December in the UK means, for many; Christmas.
Christmas is no cakewalk. Families are getting more and more complicated.
It can be an even trickier time for families who foster because we need to juggle things that ordinary families don't.
We fostering folk have the back-up of social workers, in my case Blue Sky, to help shape the way we deal with issues.
Issues such as;
How to advise a child who wants give a gift to an adult who may or not have neglected her (or worse)?
How to manage a Contact meeting between a child and real parent. A real parent who routinely bad-mouths the fostering system?
Not easy, but do-able thanks to the support network available plus one's own native life-skills.
Here's my thing though.
Hard on the heels of Christmas, tailgating it in fact, comes…
New Years Eve!
Oh Lordy; the logjam of Winter 'celebrations'.
For kids up to the age of about eleven, New Years Eve is a doddle; a chance to stay up very late.
But I've noticed something different in the teenagers we've cared for when the clock ticks around to midnight.
They've twigged that the whole New Year thing is about fresh beginnings.
A new start.
Hope.
I've seen teenagers give a really meaningful midnight hug to whoever is wearing a party hat and say (and mean it);
"Happy New Year!"
They hold each others gaze and wish it in earnest.
By which they mean;
"May it please be better than last year…"

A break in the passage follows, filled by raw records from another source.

(* Let $\mathcal{A}$ be either $C([0,1])$ or $L^{\infty}((0,1))$, and let $S$ be the unilateral shift on $H_{\mathcal{A}}$, i.e. the operator with $Se_k=e_{k+1}$ for all $k\in\mathbb{N}$ (equivalently $S(x_1,x_2,\dots)=(0,x_1,x_2,\dots)$). Then $$\sigma^{\mathcal{A}}(S)=\{\alpha\in\mathcal{A}\mid \inf|\alpha|\le 1\},$$ and $\sigma_p^{\mathcal{A}}(S)=\varnothing$ in both cases.
   Context: $\mathcal{A}$ is a unital $C^*$-algebra and $H_{\mathcal{A}}=l_2(\mathcal{A})$ is the standard Hilbert $C^*$-module: sequences $x=(x_1,x_2,\dots)$ in $\mathcal{A}$ with $\sum_k x_k^*x_k$ norm-convergent, with $\mathcal{A}$-valued inner product $\langle x,y\rangle=\sum_k x_k^*y_k$ and right $\mathcal{A}$-action coordinatewise. $\{e_k\}_{k\in\mathbb{N}}$ is the standard orthonormal basis ($e_k$ has $1_{\mathcal{A}}$ in the $k$-th coordinate and $0$ elsewhere). $B^a(H_{\mathcal{A}})$ is the $C^*$-algebra of bounded adjointable $\mathcal{A}$-linear operators on $H_{\mathcal{A}}$. For $\alpha\in\mathcal{A}$, $\alpha I$ is the operator $(x_1,x_2,\dots)\mapsto(\alpha x_1,\alpha x_2,\dots)$, which lies in $B^a(H_{\mathcal{A}})$. For $F\in B^a(H_{\mathcal{A}})$: $\sigma^{\mathcal{A}}(F)=\{\alpha\in\mathcal{A}\mid F-\alpha I$ is not invertible in $B^a(H_{\mathcal{A}})\}$ and $\sigma_p^{\mathcal{A}}(F)=\{\alpha\in\mathcal{A}\mid \ker(F-\alpha I)\neq\{0\}\}$. For $\alpha\in C([0,1])$, $\inf|\alpha|$ is the usual infimum of $|\alpha|$; for $\alpha\in L^\infty((0,1))$, $\inf|\alpha|$ denotes the essential infimum $\inf\{C>0\mid \mu(|\alpha|^{-1}[0,C])>0\}=\sup\{K>0\mid |\alpha|>K \text{ a.e. on }(0,1)\}$, $\mu$ being Lebesgue measure. *)

theory Defs
  imports "HOL-Analysis.Analysis"
begin

record 'a calg =
  c_add  :: "'a \<Rightarrow> 'a \<Rightarrow> 'a"
  c_mul  :: "'a \<Rightarrow> 'a \<Rightarrow> 'a"
  c_neg  :: "'a \<Rightarrow> 'a"
  c_star :: "'a \<Rightarrow> 'a"
  c_norm :: "'a \<Rightarrow> real"
  c_zero :: "'a"
  c_one  :: "'a"
(* Let $X$ be a hyperbolic approximation of $Z$. Any two vertices $v,v'\in V$ can be connected in $X$ by a geodesic which contains at most one horizontal edge; if it contains such an edge, this edge lies on the lowest level attained by the geodesic.
   Context: Hyperbolic approximation: let $(Z,d)$ be a bounded metric space with at least two points and fix $0<r\le1/6$. Let $k_0$ be the largest integer with $\operatorname{diam}Z<r^{k_0}$. For each integer $k\ge k_0$ choose a maximal $r^k$-separated subset $V_k\subset Z$. Vertex set $V=\bigsqcup_{k\ge k_0}V_k$ (disjoint union), level $\ell(v)=k$ for $v\in V_k$, ball $B(v)=\{z:d(z,v)<2r^k\}$ with closure $\overline B(v)$. Edges: $v,v'$ of equal level with $\overline B(v)\cap\overline B(v')\neq\emptyset$ (horizontal edges), or levels differing by one with the ball of the higher-level vertex contained in the ball of the lower-level one (radial edges). Path metric with unit edges, denoted $|vv'|$. *)

theory Defs
  imports "HOL-Analysis.Analysis"
begin

definition mdiam :: "'a set \<Rightarrow> ('a \<Rightarrow> 'a \<Rightarrow> real) \<Rightarrow> real" where
  "mdiam Z d = Sup {d x y | x y. x \<in> Z \<and> y \<in> Z}"

definition separated_set :: "'a set \<Rightarrow> ('a \<Rightarrow> 'a \<Rightarrow> real) \<Rightarrow> real \<Rightarrow> 'a set \<Rightarrow> bool" where
  "separated_set Z d \<epsilon> S \<longleftrightarrow> S \<subseteq> Z \<and> (\<forall>x\<in>S. \<forall>y\<in>S. x \<noteq> y \<longrightarrow> d x y \<ge> \<epsilon>)"

definition maximal_separated :: "'a set \<Rightarrow> ('a \<Rightarrow> 'a \<Rightarrow> real) \<Rightarrow> real \<Rightarrow> 'a set \<Rightarrow> bool" where
  "maximal_separated Z d \<epsilon> S \<longleftrightarrow> separated_set Z d \<epsilon> S \<and>
     (\<forall>T. separated_set Z d \<epsilon> T \<and> S \<subseteq> T \<longrightarrow> T = S)"

definition is_k0 :: "'a set \<Rightarrow> ('a \<Rightarrow> 'a \<Rightarrow> real) \<Rightarrow> real \<Rightarrow> int \<Rightarrow> bool" where
  "is_k0 Z d r k \<longleftrightarrow> mdiam Z d < r powi k \<and> (\<forall>j. mdiam Z d < r powi j \<longrightarrow> j \<le> k)"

Sometimes they join in a chorus of Auld Lang Syne with gusto. The line about forgetting old acquantiances seems tinged with particular significance.
The bottomless sincerity of their hope is as hearfelt as it's forlorn. We all know - and they do too - that each year brings more challenges. It brings rewards aplenty too, but ups are harder to spot than downs.
Their problems "squat like a toad on a merangue" as someone memorably put it.
Regardless, I enjoy watching the optimism of their "Happy New Year" to each other.
And, as a foster mum, each year I resolve to do everything I can to help their coming year be as good as it can be.
Happy New Year to you, whatever time of year you find yourself reading this.